DIRECTIONS - I need the lines below from the one with "using d[OF \<open>dist" down to the one with "using close_near_z[of \<epsilon>]" reproduced exactly, both ends included, and nothing else.

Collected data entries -

lemma ball_average_le:
  assumes "0 < \<epsilon>"
    and "(\<integral>\<^sup>+y. indicator (ball z \<epsilon>) y * f y \<partial>lborel) \<le> c * emeasure lborel (ball z \<epsilon>)"
  shows "ball_average f z \<epsilon> \<le> c"
  using assms emeasure_lborel_ball_pos[of \<epsilon> z]
  by (simp add: ball_average_def divide_le_posI_ennreal mult.commute)

lemma ball_average_mono_AE:
  assumes "AE y in lborel. y \<in> ball z \<epsilon> \<longrightarrow> f y \<le> g y"
  shows "ball_average f z \<epsilon> \<le> ball_average g z \<epsilon>"
proof -
  have "AE y in lborel. indicator (ball z \<epsilon>) y * f y \<le> indicator (ball z \<epsilon>) y * g y"
    using assms by eventually_elim (auto split: split_indicator)
  then show ?thesis
    unfolding ball_average_def by (rule divide_right_mono_ennreal[OF nn_integral_mono_AE])
qed

lemma ball_average_cmult:
  assumes "f \<in> borel_measurable lborel"
  shows "ball_average (\<lambda>y. c * f y) z \<epsilon> = c * ball_average f z \<epsilon>"
proof -
  have "(\<integral>\<^sup>+y. indicator (ball z \<epsilon>) y * (c * f y) \<partial>lborel) = c * (\<integral>\<^sup>+y. indicator (ball z \<epsilon>) y * f y \<partial>lborel)"
    using assms by (subst nn_integral_cmult[symmetric]) (auto simp: mult.left_commute)
  then show ?thesis
    by (simp add: ball_average_def ennreal_times_divide)
qed

lemma Cc_ball_slice_continuous:
  fixes h :: "'a::euclidean_space \<times> 'b::euclidean_space \<Rightarrow> real"
  assumes h: "h \<in> Cc_ball R" and "0 < \<eta>"
  obtains d where "0 < d" "\<And>y. dist y z < d \<Longrightarrow> L1_dist (\<lambda>x. h (x, y)) (\<lambda>x. h (x, z)) \<le> ennreal \<eta>"
proof -
  define S where "S = cball (0::'a \<times> 'b) (R + norm z + 1)"
  define c where "c = measure lborel (ball (0::'a) R)"
  have "0 \<le> c"
    by (simp add: c_def)
  have "uniformly_continuous_on S h"
    using h unfolding S_def Cc_ball_def
    by (intro compact_uniformly_continuous[OF continuous_on_subset[OF _ subset_UNIV]]) auto
  moreover have "0 < \<eta> / (c + 1)"
    using \<open>0 < \<eta>\<close> \<open>0 \<le> c\<close> by simp
  ultimately obtain d0 where "0 < d0"
    and d0: "\<And>p q. p \<in> S \<Longrightarrow> q \<in> S \<Longrightarrow> dist q p < d0 \<Longrightarrow> dist (h q) (h p) < \<eta> / (c + 1)"
    unfolding uniformly_continuous_on_def by metis
  show ?thesis
  proof (rule that[of "min d0 1"])
    show "0 < min d0 1"
      using \<open>0 < d0\<close> by simp
    fix y assume y: "dist y z < min d0 1"
    have pointwise: "ennreal \<bar>h (x, y) - h (x, z)\<bar> \<le> ennreal (\<eta> / (c + 1)) * indicator (ball 0 R) x" for x
    proof (cases "x \<in> ball 0 R")
      case False
      then have "(x, y) \<notin> ball 0 R" "(x, z) \<notin> ball 0 R"
        using norm_fst_le[of x y] norm_fst_le[of x z] by auto
      then show ?thesis
        using h by (simp add: Cc_ball_def)
    next
      case True
      have "norm y \<le> norm z + 1"
        using y norm_triangle_ineq2[of y z] by (auto simp: dist_norm)
      then have "(x, y) \<in> S" "(x, z) \<in> S"
        using True norm_Pair_le[of x y] norm_Pair_le[of x z] by (auto simp: S_def)
      moreover have "dist (x, y) (x, z) < d0"
        using y by (simp add: dist_Pair_Pair)
      ultimately have "dist (h (x, y)) (h (x, z)) < \<eta> / (c + 1)"
        using d0 by blast
      then show ?thesis
        using True by (simp add: dist_real_def)
    qed
    have "L1_dist (\<lambda>x. h (x, y)) (\<lambda>x. h (x, z))
        \<le> (\<integral>\<^sup>+x. ennreal (\<eta> / (c + 1)) * indicator (ball (0::'a) R) x \<partial>lborel)"
      unfolding L1_dist_def by (intro nn_integral_mono pointwise)
    also have "\<dots> = ennreal (\<eta> / (c + 1)) * ennreal c"
      using emeasure_lborel_ball_finite[of "0::'a" R]
      by (simp add: nn_integral_cmult_indicator c_def emeasure_eq_ennreal_measure)
    also have "\<dots> = ennreal (\<eta> / (c + 1) * c)"
      using \<open>0 < \<eta>\<close> \<open>0 \<le> c\<close> by (intro ennreal_mult[symmetric]) auto
    also have "\<dots> \<le> ennreal \<eta>"
      using \<open>0 < \<eta>\<close> \<open>0 \<le> c\<close> by (intro ennreal_leI) (simp add: field_simps)
    finally show "L1_dist (\<lambda>x. h (x, y)) (\<lambda>x. h (x, z)) \<le> ennreal \<eta>" .
  qed
qed

lemma slice_oscillation_eventually_le:
  fixes g h :: "'a::euclidean_space \<times> 'b::euclidean_space \<Rightarrow> real"
  assumes [measurable]: "g \<in> borel_measurable borel" and h: "h \<in> Cc_ball R" and "0 < t"
    and close_at_z: "L1_dist (\<lambda>x. g (x, z)) (\<lambda>x. h (x, z)) \<le> ennreal t"
    and close_near_z: "\<And>\<epsilon>. \<epsilon> \<in> {0<..<1} \<Longrightarrow>
      (\<integral>\<^sup>+y. indicator (ball z \<epsilon>) y * L1_dist (\<lambda>x. g (x, y)) (\<lambda>x. h (x, y)) \<partial>lborel)
        \<le> ennreal t * emeasure lborel (ball z \<epsilon>)"
  shows "\<forall>\<^sub>F \<epsilon> in at_right 0.
    ball_average (\<lambda>y. L1_dist (\<lambda>x. g (x, y)) (\<lambda>x. g (x, z))) z \<epsilon> \<le> ennreal (3 * t)"
proof -
  have [measurable]: "h \<in> borel_measurable borel"
    using h by (rule Cc_ball_borel)
  have [measurable]: "g \<in> borel_measurable (lborel \<Otimes>\<^sub>M lborel)" "h \<in> borel_measurable (lborel \<Otimes>\<^sub>M lborel)"
    by (simp_all add: lborel_prod)
  let ?r = "\<lambda>y. L1_dist (\<lambda>x. g (x, y)) (\<lambda>x. h (x, y))"
  have [measurable]: "?r \<in> borel_measurable lborel"
    unfolding L1_dist_def by measurable
  obtain d where "0 < d" and d: "\<And>y. dist y z < d \<Longrightarrow> L1_dist (\<lambda>x. h (x, y)) (\<lambda>x. h (x, z)) \<le> ennreal t"
    using Cc_ball_slice_continuous[OF h \<open>0 < t\<close>] by blast
  have "ball_average (\<lambda>y. L1_dist (\<lambda>x. g (x, y)) (\<lambda>x. g (x, z))) z \<epsilon> \<le> ennreal (3 * t)"
    if "0 < \<epsilon>" "\<epsilon> < min d 1" for \<epsilon>
  proof (rule ball_average_le[OF \<open>0 < \<epsilon>\<close>])
    have "indicator (ball z \<epsilon>) y * L1_dist (\<lambda>x. g (x, y)) (\<lambda>x. g (x, z))
        \<le> indicator (ball z \<epsilon>) y * ?r y + ennreal (2 * t) * indicator (ball z \<epsilon>) y" for y
    proof (cases "y \<in> ball z \<epsilon>")
      case True
      then have "dist y z < d"
        using that by (simp add: dist_commute)
      have "L1_dist (\<lambda>x. g (x, y)) (\<lambda>x. g (x, z))
          \<le> ?r y + (L1_dist (\<lambda>x. h (x, y)) (\<lambda>x. h (x, z)) + L1_dist (\<lambda>x. h (x, z)) (\<lambda>x. g (x, z)))"
        by (intro order.trans[OF L1_dist_triangle[where g="\<lambda>x. h (x, y)"]] add_left_mono
            L1_dist_triangle) measurable
      also have "\<dots> \<le> ?r y + (ennreal t + ennreal t)"
        using d[OF \<open>dist y z < d\<close>] close_at_z by (intro add_mono) (auto simp: L1_dist_commute)
      finally show ?thesis
        using True \<open>0 < t\<close> by (simp flip: ennreal_plus)
    qed simp
    then have "(\<integral>\<^sup>+y. indicator (ball z \<epsilon>) y * L1_dist (\<lambda>x. g (x, y)) (\<lambda>x. g (x, z)) \<partial>lborel)
        \<le> (\<integral>\<^sup>+y. indicator (ball z \<epsilon>) y * ?r y \<partial>lborel) + ennreal (2 * t) * emeasure lborel (ball z \<epsilon>)"
      by (subst nn_integral_cmult_indicator[symmetric]) (auto simp flip: nn_integral_add intro!: nn_integral_mono)
    also have "\<dots> \<le> ennreal t * emeasure lborel (ball z \<epsilon>) + ennreal (2 * t) * emeasure lborel (ball z \<epsilon>)"
      using close_near_z[of \<epsilon>] that by (intro add_right_mono) auto
    also have "\<dots> = ennreal (3 * t) * emeasure lborel (ball z \<epsilon>)"
      using \<open>0 < t\<close> by (simp add: distrib_right[symmetric] flip: ennreal_plus)
    finally show "(\<integral>\<^sup>+y. indicator (ball z \<epsilon>) y * L1_dist (\<lambda>x. g (x, y)) (\<lambda>x. g (x, z)) \<partial>lborel)
        \<le> ennreal (3 * t) * emeasure lborel (ball z \<epsilon>)" .
  qed
  then show ?thesis
    using \<open>0 < d\<close> unfolding eventually_at_right_field by (intro exI[of _ "min d 1"]) auto
qed
(* Let $(G,X,\Gamma)$ be a $(\mu,\nu)$-path system group containing a $\delta$-constricting element $(g,A)$ with $\delta$-constricting map $\pi_A$, and let $\pi_{uA}$ ($u\in G$) be the translated maps described in the context. For every $\eta\ge0$ there exists $\theta\ge1$ such that for every $\eta$-quasi-convex subgroup $(H,Y)$ of $G$: (I) for every $u\in G$, if $\operatorname{diam}_{uA}(Y)>\theta$ then $uA\subseteq Y^{+\theta}$; (II) for every subgroup $K$ with $H\le K\le G$, if $[K:H]>\theta$ then there exists $k\in K$ with $\operatorname{diam}_{kA}(Y)\le\theta$.
   Context: A path is a rectifiable continuous map $\alpha\colon[a,b]\to X$ parametrised by arc length; it is a $(\kappa,\lambda)$-quasi-geodesic if $d(\alpha(t),\alpha(t'))\le|t-t'|\le\kappa d(\alpha(t),\alpha(t'))+\lambda$. A $(\mu,\nu)$-path system group $(G,X,\Gamma)$ is a group $G$ acting properly by isometries on a geodesic metric space $X$ together with a $G$-invariant collection $\Gamma$ of paths closed under subpaths, such that any two points are joined by an element of $\Gamma$ and every element is a $(\mu,\nu)$-quasi-geodesic. $Y^{+\eta}=\{x: d(x,Y)\le\eta\}$. A subset $Y$ is $\eta$-quasi-convex if every $\gamma\in\Gamma$ with endpoints in $Y$ lies in $Y^{+\eta}$; a subgroup $H$ is $\eta$-quasi-convex, written $(H,Y)$, if $Y$ is $H$-invariant, $\eta$-quasi-convex, and $H$ acts on $Y$ $\eta$-coboundedly (for all $y,y'\in Y$ some $h\in H$ has $d(y,hy')\le\eta$). A map $\pi_A\colon X\to A$ is $\delta$-constricting if (CS1) $d(x,\pi_A(x))\le\delta$ for $x\in A$, and (CS2) for all $x,y\in X$ and $\gamma\in\Gamma$ joining them, if $d(\pi_A(x),\pi_A(y))>\delta$ then $\gamma$ meets $B_X(\pi_A(x),\delta)$ and $B_X(\pi_A(y),\delta)$. An element $g$ is $\delta$-constricting, written $(g,A)$, if it has infinite order and $A$ is a $\langle g\rangle$-invariant subset admitting a $\delta$-constricting map $\pi_A$, on which $\langle g\rangle$ acts $\delta$-coboundedly. Translated maps: fix a set $R$ of representatives of $G/\mathrm{Stab}(A)$; for $u\in G$ let $u_0\in R$ with $uA=u_0A$ and set $\pi_{uA}(x)=u_0\pi_A(u_0^{-1}x)$ (a $\delta$-constricting map onto $uA$). $\operatorname{diam}_{uA}(Y)=\operatorname{diam}(\pi_{uA}(Y))$. *)

theory Defs
  imports "HOL-Analysis.Analysis" "HOL-Algebra.Group_Action"
begin

text \<open>A path is a triple (a, b, alpha) with alpha defined on [a,b].\<close>
type_synonym 'x path = "real \<times> real \<times> (real \<Rightarrow> 'x)"

definition geodesic_space :: "'x::metric_space itself \<Rightarrow> bool" where
  "geodesic_space _ \<longleftrightarrow> (\<forall>x y::'x. \<exists>\<gamma>::real \<Rightarrow> 'x. \<gamma> 0 = x \<and> \<gamma> (dist x y) = y \<and>
      (\<forall>s\<in>{0..dist x y}. \<forall>t\<in>{0..dist x y}. dist (\<gamma> s) (\<gamma> t) = \<bar>s - t\<bar>))"

definition curve_length :: "(real \<Rightarrow> 'x::metric_space) \<Rightarrow> real \<Rightarrow> real \<Rightarrow> ereal" where
  "curve_length \<alpha> s t = (SUP np \<in> {(n, p). p 0 = s \<and> p n = t \<and> (\<forall>i<n. p i \<le> p (Suc i))}.
      ereal (\<Sum>i<fst np. dist (\<alpha> (snd np i)) (\<alpha> (snd np (Suc i)))))"

definition arc_length_path :: "'x::metric_space path \<Rightarrow> bool" where
  "arc_length_path p \<longleftrightarrow> (case p of (a, b, \<alpha>) \<Rightarrow> a \<le> b \<and> continuous_on {a..b} \<alpha> \<and>
      (\<forall>s t. a \<le> s \<longrightarrow> s \<le> t \<longrightarrow> t \<le> b \<longrightarrow> curve_length \<alpha> s t = ereal (t - s)))"

definition quasi_geodesic :: "real \<Rightarrow> real \<Rightarrow> 'x::metric_space path \<Rightarrow> bool" where
  "quasi_geodesic \<kappa> lam p \<longleftrightarrow> arc_length_path p \<and> (case p of (a, b, \<alpha>) \<Rightarrow>
      (\<forall>t\<in>{a..b}. \<forall>t'\<in>{a..b}. dist (\<alpha> t) (\<alpha> t') \<le> \<bar>t - t'\<bar> \<and>
          \<bar>t - t'\<bar> \<le> \<kappa> * dist (\<alpha> t) (\<alpha> t') + lam))"

definition path_image_of :: "'x path \<Rightarrow> 'x set" where
  "path_image_of p = (case p of (a, b, \<alpha>) \<Rightarrow> \<alpha> ` {a..b})"

definition joins :: "'x path \<Rightarrow> 'x \<Rightarrow> 'x \<Rightarrow> bool" where
  "joins p x y \<longleftrightarrow> (case p of (a, b, \<alpha>) \<Rightarrow> \<alpha> a = x \<and> \<alpha> b = y)"

definition proper_action :: "('g, 'b) monoid_scheme \<Rightarrow> ('g \<Rightarrow> 'x::metric_space \<Rightarrow> 'x) \<Rightarrow> bool" where
  "proper_action G \<phi> \<longleftrightarrow> (\<forall>x r. finite {g \<in> carrier G. dist x (\<phi> g x) \<le> r})"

RESPONSE TO THIS EXERCISE -
        using d[OF \<open>dist y z < d\<close>] close_at_z by (intro add_mono) (auto simp: L1_dist_commute)
      finally show ?thesis
        using True \<open>0 < t\<close> by (simp flip: ennreal_plus)
    qed simp
    then have "(\<integral>\<^sup>+y. indicator (ball z \<epsilon>) y * L1_dist (\<lambda>x. g (x, y)) (\<lambda>x. g (x, z)) \<partial>lborel)
        \<le> (\<integral>\<^sup>+y. indicator (ball z \<epsilon>) y * ?r y \<partial>lborel) + ennreal (2 * t) * emeasure lborel (ball z \<epsilon>)"
      by (subst nn_integral_cmult_indicator[symmetric]) (auto simp flip: nn_integral_add intro!: nn_integral_mono)
    also have "\<dots> \<le> ennreal t * emeasure lborel (ball z \<epsilon>) + ennreal (2 * t) * emeasure lborel (ball z \<epsilon>)"
      using close_near_z[of \<epsilon>] that by (intro add_right_mono) auto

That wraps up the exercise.